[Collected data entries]
════════════════

(* Let $\varphi$ be an LTL formula over $2^{V_i}$ and let $\mathcal{A}_\varphi$ be an ACA with $\mathcal{L}(\mathcal{A}_\varphi)=\mathcal{L}(\varphi)$. If there exists a strategy for process $p_i$ that is winning for $\varphi$ (i.e. $\varphi$ is realizable by $p_i$), then every strategy for $p_i$ that is delay-dominant for $\mathcal{A}_\varphi$ is winning for $\varphi$.
   Context: Automata. For a finite set $\Sigma$ of atomic propositions, an alternating co-Büchi automaton (ACA) over $2^\Sigma$ is a tuple $\mathcal{A}=(Q,q_0,\delta,F)$ with a finite set of states $Q$, initial state $q_0\in Q$, set of rejecting states $F\subseteq Q$, and transition function $\delta:Q\times 2^\Sigma\to\mathbb{B}^+(Q)$ into positive Boolean formulas over $Q$ given in disjunctive normal form; $\delta(q,a)$ is identified with the set of its disjuncts, each disjunct $c\in\delta(q,a)$ being a set of states. A run tree of $\mathcal{A}$ on $\sigma=\sigma_0\sigma_1\cdots\in(2^\Sigma)^\omega$ is a $Q$-labeled tree $(T,\ell)$ ($T\subseteq\mathbb{N}^*$ prefix-closed) with $\ell(\varepsilon)=q_0$ and $\{\ell(x')\mid x'\text{ a child of }x\}\in\delta(\ell(x),\sigma_{|x|})$ for every node $x$; it is accepting if every infinite branch visits $F$ only finitely often. $\mathcal{A}$ accepts $\sigma$ if some run tree on $\sigma$ is accepting; $\mathcal{L}(\mathcal{A})$ is the set of accepted words. For an LTL formula $\varphi$, $\mathcal{L}(\varphi)$ is the set of infinite words satisfying $\varphi$. (As implicit in the game below, each $\delta(q,a)$ and each of its disjuncts is nonempty.) Processes and strategies. A process $p_i$ has disjoint finite sets $I_i$ of input and $O_i$ of output variables; $V_i=I_i\cup O_i$. A strategy for $p_i$ is a function $s:(2^{I_i})^*\to 2^{O_i}$ representable by a finite Moore machine. For $\gamma\in(2^{I_i})^\omega$ the computation $\mathrm{comp}(s,\gamma)\in(2^{V_i})^\omega$ is given by $\mathrm{comp}(s,\gamma)_j=\gamma_j\cup s(\gamma_0\cdots\gamma_{j-1})$ for all $j\ge 0$. A strategy $s$ for $p_i$ is winning for $\varphi$ if $\mathrm{comp}(s,\gamma)\models\varphi$ for all $\gamma\in(2^{I_i})^\omega$. Delay-dominance game. Let $\mathcal{A}=(Q,q_0,\delta,F)$ be an ACA and $\sigma,\sigma'$ infinite words over its alphabet. The game $(\mathcal{A},\sigma,\sigma')$ is played between Duplicator (Player 0) and Spoiler (Player 1) on positions of the forms $((p,q),j)$ and $((p,q,c,c'),j)$ (owned by Spoiler) and $((p,q,c),j)$ and $((p,q,c,q'),j)$ (owned by Duplicator), with $p,q,q'\in Q$, $c,c'\subseteq Q$, $j\in\mathbb{N}$. Moves: from $((p,q),j)$ to $((p,q,c),j)$ with $c\in\delta(p,\sigma_j)$; from $((p,q,c),j)$ to $((p,q,c,c'),j)$ with $c'\in\delta(q,\sigma'_j)$; from $((p,q,c,c'),j)$ to $((p,q,c,q'),j)$ with $q'\in c'$; from $((p,q,c,q'),j)$ to $((p',q'),j+1)$ with $p'\in c$. The initial position is $((q_0,q_0),0)$. For a position whose state tuple is $(p,q)$, $(p,q,c)$, $(p,q,c,c')$ or $(p,q,c,q')$, its alternative state is $p$ and its dominant state is $q$. A play $\rho_0\rho_1\cdots$ is won by Duplicator iff for every $k$ such that the dominant state of $\rho_k$ lies in $F$ there is $k'\ge k$ such that the alternative state of $\rho_{k'}$ lies in $F$. A strategy of a player maps finite play prefixes ending in one of its positions to a legal successor; a Duplicator strategy is winning if every play from the initial position consistent with it is won by Duplicator. Delay-dominance. For strategies $s,t$ of $p_i$, an ACA $\mathcal{A}$ over $2^{V_i}$ and $\gamma\in(2^{I_i})^\omega$: $s$ delay-dominates $t$ on $\gamma$ if Duplicator has a winning strategy in $(\mathcal{A},\mathrm{comp}(t,\gamma),\mathrm{comp}(s,\gamma))$; $s$ delay-dominates $t$ if this holds for all $\gamma$; $s$ is delay-dominant for $\mathcal{A}$ (and $p_i$) if it delay-dominates every strategy $t$ for $p_i$. *)

theory Defs
  imports Main
begin

datatype 'a ltl =
    LTrue
  | LProp 'a
  | LNot "'a ltl"
  | LAnd "'a ltl" "'a ltl"
  | LNext "'a ltl"
  | LUntil "'a ltl" "'a ltl"

type_synonym 'a word = "nat \<Rightarrow> 'a set"

primrec ltl_sat :: "'a word \<Rightarrow> 'a ltl \<Rightarrow> bool" where
  "ltl_sat w LTrue = True"
| "ltl_sat w (LProp a) = (a \<in> w 0)"
| "ltl_sat w (LNot f) = (\<not> ltl_sat w f)"
| "ltl_sat w (LAnd f g) = (ltl_sat w f \<and> ltl_sat w g)"
| "ltl_sat w (LNext f) = ltl_sat (\<lambda>k. w (Suc k)) f"
| "ltl_sat w (LUntil f g) =
     (\<exists>i. ltl_sat (\<lambda>k. w (i + k)) g \<and> (\<forall>j<i. ltl_sat (\<lambda>k. w (j + k)) f))"

primrec ltl_atoms :: "'a ltl \<Rightarrow> 'a set" where
  "ltl_atoms LTrue = {}"
| "ltl_atoms (LProp a) = {a}"
| "ltl_atoms (LNot f) = ltl_atoms f"
| "ltl_atoms (LAnd f g) = ltl_atoms f \<union> ltl_atoms g"
| "ltl_atoms (LNext f) = ltl_atoms f"
| "ltl_atoms (LUntil f g) = ltl_atoms f \<union> ltl_atoms g"

definition words_over :: "'a set \<Rightarrow> 'a word set" where
  "words_over AP = {w. \<forall>j. w j \<subseteq> AP}"

definition ltl_lang :: "'a set \<Rightarrow> 'a ltl \<Rightarrow> 'a word set" where
  "ltl_lang AP f = {w \<in> words_over AP. ltl_sat w f}"

text \<open>trans q a is the set of disjuncts (each a set of states) of the DNF delta(q,a).\<close>
record ('q, 'a) aca =
  states :: "'q set"
  init :: 'q
  trans :: "'q \<Rightarrow> 'a set \<Rightarrow> 'q set set"
  rej :: "'q set"

definition aca_wf :: "'a set \<Rightarrow> ('q, 'a) aca \<Rightarrow> bool" where
  "aca_wf AP A \<longleftrightarrow>
     finite AP \<and> finite (states A) \<and> init A \<in> states A \<and> rej A \<subseteq> states A \<and>
     (\<forall>q \<in> states A. \<forall>a. a \<subseteq> AP \<longrightarrow>
        trans A q a \<noteq> {} \<and> finite (trans A q a) \<and>
        (\<forall>c \<in> trans A q a. c \<noteq> {} \<and> c \<subseteq> states A))"

definition run_tree :: "('q, 'a) aca \<Rightarrow> 'a word \<Rightarrow> nat list set \<Rightarrow> (nat list \<Rightarrow> 'q) \<Rightarrow> bool" where
  "run_tree A w T l \<longleftrightarrow>
     [] \<in> T \<and> (\<forall>x y. x @ y \<in> T \<longrightarrow> x \<in> T) \<and> l [] = init A \<and>
     (\<forall>x \<in> T. {l (x @ [n]) | n. x @ [n] \<in> T} \<in> trans A (l x) (w (length x)))"

definition infinite_branch :: "nat list set \<Rightarrow> (nat \<Rightarrow> nat list) \<Rightarrow> bool" where
  "infinite_branch T b \<longleftrightarrow> b 0 = [] \<and> (\<forall>k. b k \<in> T \<and> (\<exists>n. b (Suc k) = b k @ [n]))"

definition accepting_run :: "('q, 'a) aca \<Rightarrow> nat list set \<Rightarrow> (nat list \<Rightarrow> 'q) \<Rightarrow> bool" where
  "accepting_run A T l \<longleftrightarrow>
     (\<forall>b. infinite_branch T b \<longrightarrow> finite {k. l (b k) \<in> rej A})"

definition aca_accepts :: "('q, 'a) aca \<Rightarrow> 'a word \<Rightarrow> bool" where
  "aca_accepts A w \<longleftrightarrow> (\<exists>T l. run_tree A w T l \<and> accepting_run A T l)"

definition aca_lang :: "'a set \<Rightarrow> ('q, 'a) aca \<Rightarrow> 'a word set" where
  "aca_lang AP A = {w \<in> words_over AP. aca_accepts A w}"

definition finite_moore :: "'v set \<Rightarrow> ('v set list \<Rightarrow> 'v set) \<Rightarrow> bool" where
  "finite_moore I s \<longleftrightarrow>
     (\<exists>(S :: nat set) m0 tr out. finite S \<and> m0 \<in> S \<and>
        (\<forall>m \<in> S. \<forall>a. a \<subseteq> I \<longrightarrow> tr m a \<in> S) \<and>
        (\<forall>u. set u \<subseteq> Pow I \<longrightarrow> s u = out (foldl tr m0 u)))"

definition is_strategy :: "'v set \<Rightarrow> 'v set \<Rightarrow> ('v set list \<Rightarrow> 'v set) \<Rightarrow> bool" where
  "is_strategy I Out s \<longleftrightarrow> (\<forall>u. set u \<subseteq> Pow I \<longrightarrow> s u \<subseteq> Out) \<and> finite_moore I s"

definition comp :: "('v set list \<Rightarrow> 'v set) \<Rightarrow> 'v word \<Rightarrow> 'v word" where
  "comp s g = (\<lambda>j. g j \<union> s (map g [0..<j]))"

definition winning :: "'v set \<Rightarrow> ('v set list \<Rightarrow> 'v set) \<Rightarrow> 'v ltl \<Rightarrow> bool" where
  "winning I s f \<longleftrightarrow> (\<forall>g \<in> words_over I. ltl_sat (comp s g) f)"

datatype 'q gpos =
    SpA 'q 'q nat
  | DuA 'q 'q "'q set" nat
  | SpB 'q 'q "'q set" "'q set" nat
  | DuB 'q 'q "'q set" 'q nat

fun alt_state :: "'q gpos \<Rightarrow> 'q" where
  "alt_state (SpA p q j) = p"
| "alt_state (DuA p q c j) = p"
| "alt_state (SpB p q c c' j) = p"
| "alt_state (DuB p q c q' j) = p"

fun dom_state :: "'q gpos \<Rightarrow> 'q" where
  "dom_state (SpA p q j) = q"
| "dom_state (DuA p q c j) = q"
| "dom_state (SpB p q c c' j) = q"
| "dom_state (DuB p q c q' j) = q"

fun dup_pos :: "'q gpos \<Rightarrow> bool" where
  "dup_pos (SpA p q j) = False"
| "dup_pos (DuA p q c j) = True"
| "dup_pos (SpB p q c c' j) = False"
| "dup_pos (DuB p q c q' j) = True"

════════════════

TASK »
All lines above from the one containing "w (LNext f)" to the one containing "AP A \<longleftrightarrow>" must be repeated exactly, both lines included, and no others.

ANSWER SECTION »
| "ltl_sat w (LNext f) = ltl_sat (\<lambda>k. w (Suc k)) f"
| "ltl_sat w (LUntil f g) =
     (\<exists>i. ltl_sat (\<lambda>k. w (i + k)) g \<and> (\<forall>j<i. ltl_sat (\<lambda>k. w (j + k)) f))"

primrec ltl_atoms :: "'a ltl \<Rightarrow> 'a set" where
  "ltl_atoms LTrue = {}"
| "ltl_atoms (LProp a) = {a}"
| "ltl_atoms (LNot f) = ltl_atoms f"
| "ltl_atoms (LAnd f g) = ltl_atoms f \<union> ltl_atoms g"
| "ltl_atoms (LNext f) = ltl_atoms f"
| "ltl_atoms (LUntil f g) = ltl_atoms f \<union> ltl_atoms g"

definition words_over :: "'a set \<Rightarrow> 'a word set" where
  "words_over AP = {w. \<forall>j. w j \<subseteq> AP}"

definition ltl_lang :: "'a set \<Rightarrow> 'a ltl \<Rightarrow> 'a word set" where
  "ltl_lang AP f = {w \<in> words_over AP. ltl_sat w f}"

text \<open>trans q a is the set of disjuncts (each a set of states) of the DNF delta(q,a).\<close>
record ('q, 'a) aca =
  states :: "'q set"
  init :: 'q
  trans :: "'q \<Rightarrow> 'a set \<Rightarrow> 'q set set"
  rej :: "'q set"

definition aca_wf :: "'a set \<Rightarrow> ('q, 'a) aca \<Rightarrow> bool" where
  "aca_wf AP A \<longleftrightarrow>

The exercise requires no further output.